The vicar gazed at her upturned face in perplexity. “Dear me,” he said, after a slight pause.

“We must live somewhere,” remarked Priscilla.

“Of course you must,” said Robin, suddenly and so heartily that she examined his eager face in more detail.

“Quite so, quite so,” said the vicar. “Are you staying here at present?”

“Never at the Cock and Hens?” broke in Robin.

“We’re at Baker’s Farm.”

“Ah yes—poor Mrs. Pearce will be glad of lodgers. Poor soul, poor soul.”

“She’s a very dirty soul,” said Robin; and Priscilla’s eyes flashed over him with a sudden sparkle.

“Is she the soul with the holes in its apron?” she asked.

“I expect there are some there. There generally are,” said Robin.

They both laughed; but the vicar gently shook his head. “Ah well, poor thing,” he said, “she has an uphill life of it. They don’t seem able—they don’t seem to understand the art of making both ends meet.”

“It’s a great art,” said Robin.

“Perhaps they could be helped,” said Priscilla, already arranging in her mind to go and do it.

“They do not belong to the class one can help. And Lady Shuttleworth, I am afraid, disapproves of shiftless people too much to do anything in the way of reducing the rent.”

“Lady Shuttleworth can’t stand people who don’t look happy and don’t mend their apron,” said Robin.

“But it’s her own apron,” objected Priscilla.

“Exactly,” said Robin.

“Well, well, I hope they’ll make you comfortable,” said the vicar; and having nothing more that he could well say without having to confess to himself that he was inquisitive, he began to draw Robin away. “We shall see you and your uncle on Sunday in church, I hope,” he said benevolently, and took off his hat and showed his snow-white hair.

Priscilla hesitated. She was, it is true, a Protestant, it having been arranged on her mother’s marriage with the Catholic Grand Duke that every alternate princess born to them was to belong to the Protestant faith, and Priscilla being the alternate princess it came about that of the Grand Duke’s three children she alone was not a Catholic. Therefore she could go to church in Symford as often as she chose; but it was Fritzing’s going that made her hesitate, for Fritzing was what the vicar would have called a godless man, and never went to church.

“You are a member of the Church of England?” inquired the vicar, seeing her hesitate.

“Why, pater, she’s not English,” burst out Robin.

“Not English?” echoed the vicar.

“Is my English so bad?” asked Priscilla, smiling.

“It’s frightfully good,” said Robin; “but the ‘r’s,’ you know—”

“Ah, yes. No, I’m not English. I’m German.”

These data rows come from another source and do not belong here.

lemma gen_S_weighted_bound:
  assumes "f \<in> gen_S gs"
  shows "\<exists>M>0. \<exists>m. \<forall>n. cmod (f n) \<le> M * (1 + real_of_int (l1norm n)) ^ m * gen_weight gs n"
proof -
  obtain r where rS: "\<forall>i<length gs. r i \<in> Sprime" and f: "f = (\<lambda>n. \<Sum>i<length gs. r i n * (gs ! i) n)"
    using assms unfolding gen_S_def by blast
  obtain M m where "M > 0" and M: "\<forall>i<length gs. \<forall>n. cmod (r i n) \<le> M * (1 + real_of_int (l1norm n)) ^ m"
    using Sprime_common_bound[OF rS] by blast
  have "cmod (f n) \<le> M * (1 + real_of_int (l1norm n)) ^ m * gen_weight gs n" for n
  proof -
    have "cmod (f n) \<le> (\<Sum>i<length gs. cmod (r i n) * cmod ((gs ! i) n))"
      unfolding f by (rule order_trans[OF norm_sum]) (simp add: norm_mult)
    also have "\<dots> \<le> (\<Sum>i<length gs. M * (1 + real_of_int (l1norm n)) ^ m * cmod ((gs ! i) n))"
      using M by (intro sum_mono mult_right_mono) auto
    finally show ?thesis by (simp add: gen_weight_def sum_distrib_left)
  qed
  with \<open>M > 0\<close> show ?thesis by blast
qed

lemma inverse_le_square_if_sqrt_le:
  fixes h B :: real
  assumes "h > 0" and "sqrt h \<le> B * h"
  shows "1 / h \<le> B\<^sup>2"
proof -
  define s where "s = sqrt h"
  have "s > 0" and h: "h = s\<^sup>2"
    using assms(1) by (simp_all add: s_def)
  have "s * 1 \<le> s * (B * s)"
    using assms(2) by (simp add: s_def[symmetric] h power2_eq_square ac_simps)
  then have "1 \<le> B * s"
    using \<open>s > 0\<close> by (rule mult_left_le_imp_le)
  then have "1 \<le> (B * s)\<^sup>2"
    by (simp add: one_le_power)
  then show ?thesis
    using \<open>s > 0\<close> by (simp add: h power_mult_distrib field_simps)
qed

lemma inverse_gen_weight_Sprime:
  assumes pos: "\<And>n. gen_weight gs n > 0"
    and sqrt_mem: "(\<lambda>n. complex_of_real (sqrt (gen_weight gs n))) \<in> gen_S gs"
  shows "(\<lambda>n. complex_of_real (1 / gen_weight gs n)) \<in> Sprime"
proof -
  obtain M m where "M > 0" and bound:
    "\<forall>n. cmod (complex_of_real (sqrt (gen_weight gs n)))
      \<le> M * (1 + real_of_int (l1norm n)) ^ m * gen_weight gs n"
    using gen_S_weighted_bound[OF sqrt_mem] by blast
  have "1 / gen_weight gs n \<le> (M * (1 + real_of_int (l1norm n)) ^ m)\<^sup>2" for n
    using pos[of n] bound[rule_format, of n] by (intro inverse_le_square_if_sqrt_le) auto
  then have "cmod (complex_of_real (1 / gen_weight gs n))
      \<le> M\<^sup>2 * (1 + real_of_int (l1norm n)) ^ (2 * m)" for n
    using pos[of n] by (simp add: norm_divide power_mult_distrib power_mult mult.commute)
  with \<open>M > 0\<close> show ?thesis
    by (intro SprimeI[of "M\<^sup>2" _ "2 * m"]) auto
qed

lemma ideal_S_subset: "is_ideal_S P \<Longrightarrow> P \<subseteq> Sprime"
  and ideal_S_zero: "is_ideal_S P \<Longrightarrow> (\<lambda>_. 0) \<in> P"
  and ideal_S_add: "is_ideal_S P \<Longrightarrow> a \<in> P \<Longrightarrow> b \<in> P \<Longrightarrow> (\<lambda>n. a n + b n) \<in> P"
  and ideal_S_mult: "is_ideal_S P \<Longrightarrow> a \<in> P \<Longrightarrow> r \<in> Sprime \<Longrightarrow> (\<lambda>n. r n * a n) \<in> P"
  unfolding is_ideal_S_def by blast+

lemma prime_ideal_S_ideal: "is_prime_ideal_S P \<Longrightarrow> is_ideal_S P"
  and prime_ideal_S_proper: "is_prime_ideal_S P \<Longrightarrow> (\<lambda>_. 1) \<notin> P"
  and prime_ideal_S_mult_mem:
    "is_prime_ideal_S P \<Longrightarrow> a \<in> Sprime \<Longrightarrow> b \<in> Sprime \<Longrightarrow> (\<lambda>n. a n * b n) \<in> P \<Longrightarrow> a \<in> P \<or> b \<in> P"
  unfolding is_prime_ideal_S_def by blast+
(* Let $\beta,\theta,\gamma>0$ be such that the Perron root $\lambda(\beta,\theta,\gamma)$ equals $0$, and let $h$ be the associated eigenfunction. Then $h$ is subadditive: $h(m+n)\le h(m)+h(n)$ for all $m,n\in\mathbb{N}_+$.
   Context: For parameters $\beta,\theta,\gamma>0$, $\mathcal{L}f(n)=\beta n(f(n+1)-f(n))-\theta nf(n)+\sum_{j=1}^{n-1}\frac{\gamma n}{j(j+1)}(f(j)+f(n-j)-f(n))$; it generates the first moment semigroup $(M_t)$ of the active cluster-size process of the GFI process ($M_tf(n)$ is the expected sum of $f(\text{size})$ over active clusters at time $t$ when starting from one active cluster, a uniform random recursive tree of size $n$; a cluster of size $n$ is isolated at rate $\theta n$, grows at rate $\beta n$, splits into sizes $n-j,j$ at rate $\gamma n/(j(j+1))$). The Perron root $\lambda$ and eigenfunction $h$ are the unique real number and positive function $h:\mathbb{N}_+\to(0,\infty)$, bounded above and below by positive constants, with $M_th=e^{\lambda t}h$ for all $t$, normalized by $\sum_n\pi(n)h(n)=1$ where $\pi$ is the probability vector with $\pi M_t=e^{\lambda t}\pi$. *)

theory Defs
  imports "HOL-Analysis.Analysis"
begin

text \<open>The generator L of the first moment semigroup, acting on functions on the
  positive integers (the value at 0 is never used).\<close>
definition gfi_gen :: "real \<Rightarrow> real \<Rightarrow> real \<Rightarrow> (nat \<Rightarrow> real) \<Rightarrow> nat \<Rightarrow> real" where
  "gfi_gen \<beta> \<theta> \<gamma> f n =
     \<beta> * real n * (f (n + 1) - f n) - \<theta> * real n * f n
     + (\<Sum>j = 1..n - 1. \<gamma> * real n / (real j * (real j + 1)) * (f j + f (n - j) - f n))"

definition gen_entry :: "real \<Rightarrow> real \<Rightarrow> real \<Rightarrow> nat \<Rightarrow> nat \<Rightarrow> real" where
  "gen_entry \<beta> \<theta> \<gamma> n k = gfi_gen \<beta> \<theta> \<gamma> (\<lambda>m. if m = k then 1 else 0) n"

text \<open>Mild (integral) form of the backward Kolmogorov equation for the kernel
  M_t(n,m):  M_t(n,m) = delta_{nm} e^{L(n,n) t}
     + int_0^t e^{L(n,n) s} sum_{k >= 1, k \<noteq> n} L(n,k) M_{t-s}(k,m) ds.\<close>
definition mild_op ::
  "real \<Rightarrow> real \<Rightarrow> real \<Rightarrow> (real \<Rightarrow> nat \<Rightarrow> nat \<Rightarrow> ennreal) \<Rightarrow> (real \<Rightarrow> nat \<Rightarrow> nat \<Rightarrow> ennreal)" where
  "mild_op \<beta> \<theta> \<gamma> K = (\<lambda>t n m.
     ennreal (if n = m then exp (gen_entry \<beta> \<theta> \<gamma> n n * t) else 0)
     + (\<integral>\<^sup>+ s\<in>{0..t}. ennreal (exp (gen_entry \<beta> \<theta> \<gamma> n n * s)) *
          (\<Sum>k. if 1 \<le> k \<and> k \<noteq> n then ennreal (gen_entry \<beta> \<theta> \<gamma> n k) * K (t - s) k m else 0)
        \<partial>lborel))"

text \<open>The first moment kernel: the minimal nonnegative solution of the mild backward
  equation (the expected number of active clusters of size m at time t, starting
  from one active cluster of size n).\<close>
definition moment_kernel :: "real \<Rightarrow> real \<Rightarrow> real \<Rightarrow> real \<Rightarrow> nat \<Rightarrow> nat \<Rightarrow> ennreal" where
  "moment_kernel \<beta> \<theta> \<gamma> = lfp (mild_op \<beta> \<theta> \<gamma>)"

“Indeed?” said the vicar, with all the interest that attaches to any unusual phenomenon, and a German in Symford was of all phenomena the most unusual. “My dear young lady, how remarkable. I don’t remember ever having met a German before in these parts. Your English is really surprising. I should never have noticed—my boy’s ears are quicker than my old ones. Will you think me unpardonably curious if I ask what made you pitch on Symford as a place to live in?”

“My uncle passed through it years ago and thought it so pretty that he determined to spend his old age here.”

“And you, I suppose, are going to take care of him.”